### Prompt
Under this task are some entries; return every one of them exactly.

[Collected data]
+++

(* In the setting described in the context, $$\mathbb{E}_{i\in[m]}\sum_{t=1}^k\big\|\mathsf{P}_{Y_i}\mathsf{P}_{Z\Omega_{-i}|W,Y_i}-\mathsf{P}_{Y_i}\mathsf{P}_{Z\Omega_{-i}|W,Y_i^{-t}}\big\|\le 3k\sqrt{\delta}.$$
   Context: Let $G=(\mathcal{X},\mathcal{A},\mu,V)$ be a $k$-player game: $\mathcal{X}=\mathcal{X}^1\times\cdots\times\mathcal{X}^k$, $\mathcal{A}=\mathcal{A}^1\times\cdots\times\mathcal{A}^k$ finite, $\mu$ a distribution on $\mathcal{X}$, $V:\mathcal{X}\times\mathcal{A}\to\{0,1\}$. Assume $G$ is $\alpha$-anchored with anchor sets $\mathcal{X}^t_\perp\subseteq\mathcal{X}^t$: the marginal probability that $x^t\in\mathcal{X}^t_\perp$ is at least $\alpha$ for each $t$, and $\mu(x)=\mu(x|_{\overline{F}_x})\prod_{t\in F_x}\mu(x^t)$ for all $x$, where $F_x=\{t:x^t\in\mathcal{X}^t_\perp\}$, $\overline F_x=[k]\setminus F_x$ and $\mu(x|_S)$, $\mu(x^t)$ are marginals. Fix $n$, integers $1\le m<n$, $C=\{m+1,\dots,n\}$, and a deterministic strategy for $G^n$, i.e. functions $f^t:(\mathcal{X}^t)^n\to(\mathcal{A}^t)^n$. Let $X=(X_1,\dots,X_n)$, $X_i=(X_i^1,\dots,X_i^k)$, be distributed as $\mu^{\otimes n}$, let $(A_1^t,\dots,A_n^t)=f^t(X_1^t,\dots,X_n^t)$, $A_i=(A_i^1,\dots,A_i^k)$, and $Z=(A_j)_{j\in C}$. Let $W$ be the event that $V(X_j,A_j)=1$ for all $j\in C$, assume $\Pr(W)>0$, and set $\delta=\frac{|C|\log|\mathcal{A}|+\log(1/\Pr(W))}{m}$. For each $i,t$ let $Y_i^t=X_i^t$ if $X_i^t\notin\mathcal{X}^t_\perp$ and $Y_i^t=\perp$ otherwise; $Y_i=(Y_i^1,\dots,Y_i^k)$; $Y_i^{-t}$ is $Y_i$ with coordinate $t$ omitted. For $i\in[m]$ let $D_i$ be a uniformly random subset of $[k]$ of size $k-1$, independent of each other and of $X$; $M_i=(Y_i^t)_{t\in D_i}$ and $\Omega_i=(D_i,M_i)$; for $j\in C$, $\Omega_j=X_j$. $\Omega_{-i}$ is $(\Omega_1,\dots,\Omega_n)$ with $\Omega_i$ omitted. Notation: $\mathsf{P}_{Y_i}\mathsf{P}_{Z\Omega_{-i}|W,Y_i}$ is the distribution $(y,z,\omega)\mapsto\mathsf{P}_{Y_i}(y)\mathsf{P}_{Z\Omega_{-i}|W,Y_i=y}(z,\omega)$, and $\mathsf{P}_{Y_i}\mathsf{P}_{Z\Omega_{-i}|W,Y_i^{-t}}$ is $(y,z,\omega)\mapsto\mathsf{P}_{Y_i}(y)\mathsf{P}_{Z\Omega_{-i}|W,Y_i^{-t}=y^{-t}}(z,\omega)$. $\|\cdot\|$ is total variation distance; $\mathbb{E}_{i\in[m]}$ is the uniform average. *)

theory Defs
  imports "HOL-Probability.Probability"
begin

text \<open>Conventions: players are indexed by t in {0..<k}, rounds by i in {0..<n}
 (0-based).  The paper's [m] is {0..<m} and C = {m+1..n} is {m..<n}.\<close>

abbreviation prb :: "'w pmf \<Rightarrow> 'w set \<Rightarrow> real" where
  "prb P A \<equiv> measure_pmf.prob P A"

definition game :: "nat \<Rightarrow> (nat \<Rightarrow> 'q set) \<Rightarrow> (nat \<Rightarrow> 'a set) \<Rightarrow> 'q list pmf \<Rightarrow> bool" where
  "game k Xs As mu \<longleftrightarrow>
     (\<forall>t<k. finite (Xs t) \<and> finite (As t)) \<and>
     set_pmf mu \<subseteq> {x. length x = k \<and> (\<forall>t<k. x ! t \<in> Xs t)}"

definition marg :: "'q list pmf \<Rightarrow> nat set \<Rightarrow> 'q list \<Rightarrow> real" where
  "marg mu S x = prb mu {y. \<forall>t\<in>S. y ! t = x ! t}"

definition Fset :: "nat \<Rightarrow> (nat \<Rightarrow> 'q set) \<Rightarrow> 'q list \<Rightarrow> nat set" where
  "Fset k Xb x = {t. t < k \<and> x ! t \<in> Xb t}"

definition anchored ::
  "nat \<Rightarrow> (nat \<Rightarrow> 'q set) \<Rightarrow> 'q list pmf \<Rightarrow> real \<Rightarrow> (nat \<Rightarrow> 'q set) \<Rightarrow> bool" where
  "anchored k Xs mu \<alpha> Xb \<longleftrightarrow>
     (\<forall>t<k. Xb t \<subseteq> Xs t \<and> prb mu {x. x ! t \<in> Xb t} \<ge> \<alpha>) \<and>
     (\<forall>x. length x = k \<and> (\<forall>t<k. x ! t \<in> Xs t) \<longrightarrow>
        pmf mu x = marg mu ({0..<k} - Fset k Xb x) x * (\<Prod>t\<in>Fset k Xb x. marg mu {t} x))"

definition strategy ::
  "nat \<Rightarrow> nat \<Rightarrow> (nat \<Rightarrow> 'q set) \<Rightarrow> (nat \<Rightarrow> 'a set) \<Rightarrow> (nat \<Rightarrow> 'q list \<Rightarrow> 'a list) \<Rightarrow> bool" where
  "strategy k n Xs As f \<longleftrightarrow>
     (\<forall>t<k. \<forall>qs. length qs = n \<and> set qs \<subseteq> Xs t \<longrightarrow>
        length (f t qs) = n \<and> set (f t qs) \<subseteq> As t)"

definition sample :: "nat \<Rightarrow> nat \<Rightarrow> nat \<Rightarrow> 'q list pmf \<Rightarrow> ((nat \<Rightarrow> 'q list) \<times> (nat \<Rightarrow> nat set)) pmf" where
  "sample k n m mu = pair_pmf (Pi_pmf {0..<n} [] (\<lambda>_. mu))
      (Pi_pmf {0..<m} {} (\<lambda>_. pmf_of_set {S. S \<subseteq> {0..<k} \<and> card S = k - 1}))"

definition ansv :: "nat \<Rightarrow> nat \<Rightarrow> (nat \<Rightarrow> 'q list \<Rightarrow> 'a list) \<Rightarrow> (nat \<Rightarrow> 'q list) \<Rightarrow> nat \<Rightarrow> 'a list" where
  "ansv k n f X i = map (\<lambda>t. f t (map (\<lambda>j. X j ! t) [0..<n]) ! i) [0..<k]"

definition Zv :: "nat \<Rightarrow> nat \<Rightarrow> nat \<Rightarrow> (nat \<Rightarrow> 'q list \<Rightarrow> 'a list) \<Rightarrow> (nat \<Rightarrow> 'q list) \<Rightarrow> 'a list list" where
  "Zv k m n f X = map (ansv k n f X) [m..<n]"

+++

### Result of this exercise
(* In the setting described in the context, $$\mathbb{E}_{i\in[m]}\sum_{t=1}^k\big\|\mathsf{P}_{Y_i}\mathsf{P}_{Z\Omega_{-i}|W,Y_i}-\mathsf{P}_{Y_i}\mathsf{P}_{Z\Omega_{-i}|W,Y_i^{-t}}\big\|\le 3k\sqrt{\delta}.$$
   Context: Let $G=(\mathcal{X},\mathcal{A},\mu,V)$ be a $k$-player game: $\mathcal{X}=\mathcal{X}^1\times\cdots\times\mathcal{X}^k$, $\mathcal{A}=\mathcal{A}^1\times\cdots\times\mathcal{A}^k$ finite, $\mu$ a distribution on $\mathcal{X}$, $V:\mathcal{X}\times\mathcal{A}\to\{0,1\}$. Assume $G$ is $\alpha$-anchored with anchor sets $\mathcal{X}^t_\perp\subseteq\mathcal{X}^t$: the marginal probability that $x^t\in\mathcal{X}^t_\perp$ is at least $\alpha$ for each $t$, and $\mu(x)=\mu(x|_{\overline{F}_x})\prod_{t\in F_x}\mu(x^t)$ for all $x$, where $F_x=\{t:x^t\in\mathcal{X}^t_\perp\}$, $\overline F_x=[k]\setminus F_x$ and $\mu(x|_S)$, $\mu(x^t)$ are marginals. Fix $n$, integers $1\le m<n$, $C=\{m+1,\dots,n\}$, and a deterministic strategy for $G^n$, i.e. functions $f^t:(\mathcal{X}^t)^n\to(\mathcal{A}^t)^n$. Let $X=(X_1,\dots,X_n)$, $X_i=(X_i^1,\dots,X_i^k)$, be distributed as $\mu^{\otimes n}$, let $(A_1^t,\dots,A_n^t)=f^t(X_1^t,\dots,X_n^t)$, $A_i=(A_i^1,\dots,A_i^k)$, and $Z=(A_j)_{j\in C}$. Let $W$ be the event that $V(X_j,A_j)=1$ for all $j\in C$, assume $\Pr(W)>0$, and set $\delta=\frac{|C|\log|\mathcal{A}|+\log(1/\Pr(W))}{m}$. For each $i,t$ let $Y_i^t=X_i^t$ if $X_i^t\notin\mathcal{X}^t_\perp$ and $Y_i^t=\perp$ otherwise; $Y_i=(Y_i^1,\dots,Y_i^k)$; $Y_i^{-t}$ is $Y_i$ with coordinate $t$ omitted. For $i\in[m]$ let $D_i$ be a uniformly random subset of $[k]$ of size $k-1$, independent of each other and of $X$; $M_i=(Y_i^t)_{t\in D_i}$ and $\Omega_i=(D_i,M_i)$; for $j\in C$, $\Omega_j=X_j$. $\Omega_{-i}$ is $(\Omega_1,\dots,\Omega_n)$ with $\Omega_i$ omitted. Notation: $\mathsf{P}_{Y_i}\mathsf{P}_{Z\Omega_{-i}|W,Y_i}$ is the distribution $(y,z,\omega)\mapsto\mathsf{P}_{Y_i}(y)\mathsf{P}_{Z\Omega_{-i}|W,Y_i=y}(z,\omega)$, and $\mathsf{P}_{Y_i}\mathsf{P}_{Z\Omega_{-i}|W,Y_i^{-t}}$ is $(y,z,\omega)\mapsto\mathsf{P}_{Y_i}(y)\mathsf{P}_{Z\Omega_{-i}|W,Y_i^{-t}=y^{-t}}(z,\omega)$. $\|\cdot\|$ is total variation distance; $\mathbb{E}_{i\in[m]}$ is the uniform average. *)

theory Defs
  imports "HOL-Probability.Probability"
begin

text \<open>Conventions: players are indexed by t in {0..<k}, rounds by i in {0..<n}
 (0-based).  The paper's [m] is {0..<m} and C = {m+1..n} is {m..<n}.\<close>

abbreviation prb :: "'w pmf \<Rightarrow> 'w set \<Rightarrow> real" where
  "prb P A \<equiv> measure_pmf.prob P A"

definition game :: "nat \<Rightarrow> (nat \<Rightarrow> 'q set) \<Rightarrow> (nat \<Rightarrow> 'a set) \<Rightarrow> 'q list pmf \<Rightarrow> bool" where
  "game k Xs As mu \<longleftrightarrow>
     (\<forall>t<k. finite (Xs t) \<and> finite (As t)) \<and>
     set_pmf mu \<subseteq> {x. length x = k \<and> (\<forall>t<k. x ! t \<in> Xs t)}"

definition marg :: "'q list pmf \<Rightarrow> nat set \<Rightarrow> 'q list \<Rightarrow> real" where
  "marg mu S x = prb mu {y. \<forall>t\<in>S. y ! t = x ! t}"

definition Fset :: "nat \<Rightarrow> (nat \<Rightarrow> 'q set) \<Rightarrow> 'q list \<Rightarrow> nat set" where
  "Fset k Xb x = {t. t < k \<and> x ! t \<in> Xb t}"

definition anchored ::
  "nat \<Rightarrow> (nat \<Rightarrow> 'q set) \<Rightarrow> 'q list pmf \<Rightarrow> real \<Rightarrow> (nat \<Rightarrow> 'q set) \<Rightarrow> bool" where
  "anchored k Xs mu \<alpha> Xb \<longleftrightarrow>
     (\<forall>t<k. Xb t \<subseteq> Xs t \<and> prb mu {x. x ! t \<in> Xb t} \<ge> \<alpha>) \<and>
     (\<forall>x. length x = k \<and> (\<forall>t<k. x ! t \<in> Xs t) \<longrightarrow>
        pmf mu x = marg mu ({0..<k} - Fset k Xb x) x * (\<Prod>t\<in>Fset k Xb x. marg mu {t} x))"

definition strategy ::
  "nat \<Rightarrow> nat \<Rightarrow> (nat \<Rightarrow> 'q set) \<Rightarrow> (nat \<Rightarrow> 'a set) \<Rightarrow> (nat \<Rightarrow> 'q list \<Rightarrow> 'a list) \<Rightarrow> bool" where
  "strategy k n Xs As f \<longleftrightarrow>
     (\<forall>t<k. \<forall>qs. length qs = n \<and> set qs \<subseteq> Xs t \<longrightarrow>
        length (f t qs) = n \<and> set (f t qs) \<subseteq> As t)"

definition sample :: "nat \<Rightarrow> nat \<Rightarrow> nat \<Rightarrow> 'q list pmf \<Rightarrow> ((nat \<Rightarrow> 'q list) \<times> (nat \<Rightarrow> nat set)) pmf" where
  "sample k n m mu = pair_pmf (Pi_pmf {0..<n} [] (\<lambda>_. mu))
      (Pi_pmf {0..<m} {} (\<lambda>_. pmf_of_set {S. S \<subseteq> {0..<k} \<and> card S = k - 1}))"

definition ansv :: "nat \<Rightarrow> nat \<Rightarrow> (nat \<Rightarrow> 'q list \<Rightarrow> 'a list) \<Rightarrow> (nat \<Rightarrow> 'q list) \<Rightarrow> nat \<Rightarrow> 'a list" where
  "ansv k n f X i = map (\<lambda>t. f t (map (\<lambda>j. X j ! t) [0..<n]) ! i) [0..<k]"

definition Zv :: "nat \<Rightarrow> nat \<Rightarrow> nat \<Rightarrow> (nat \<Rightarrow> 'q list \<Rightarrow> 'a list) \<Rightarrow> (nat \<Rightarrow> 'q list) \<Rightarrow> 'a list list" where
  "Zv k m n f X = map (ansv k n f X) [m..<n]"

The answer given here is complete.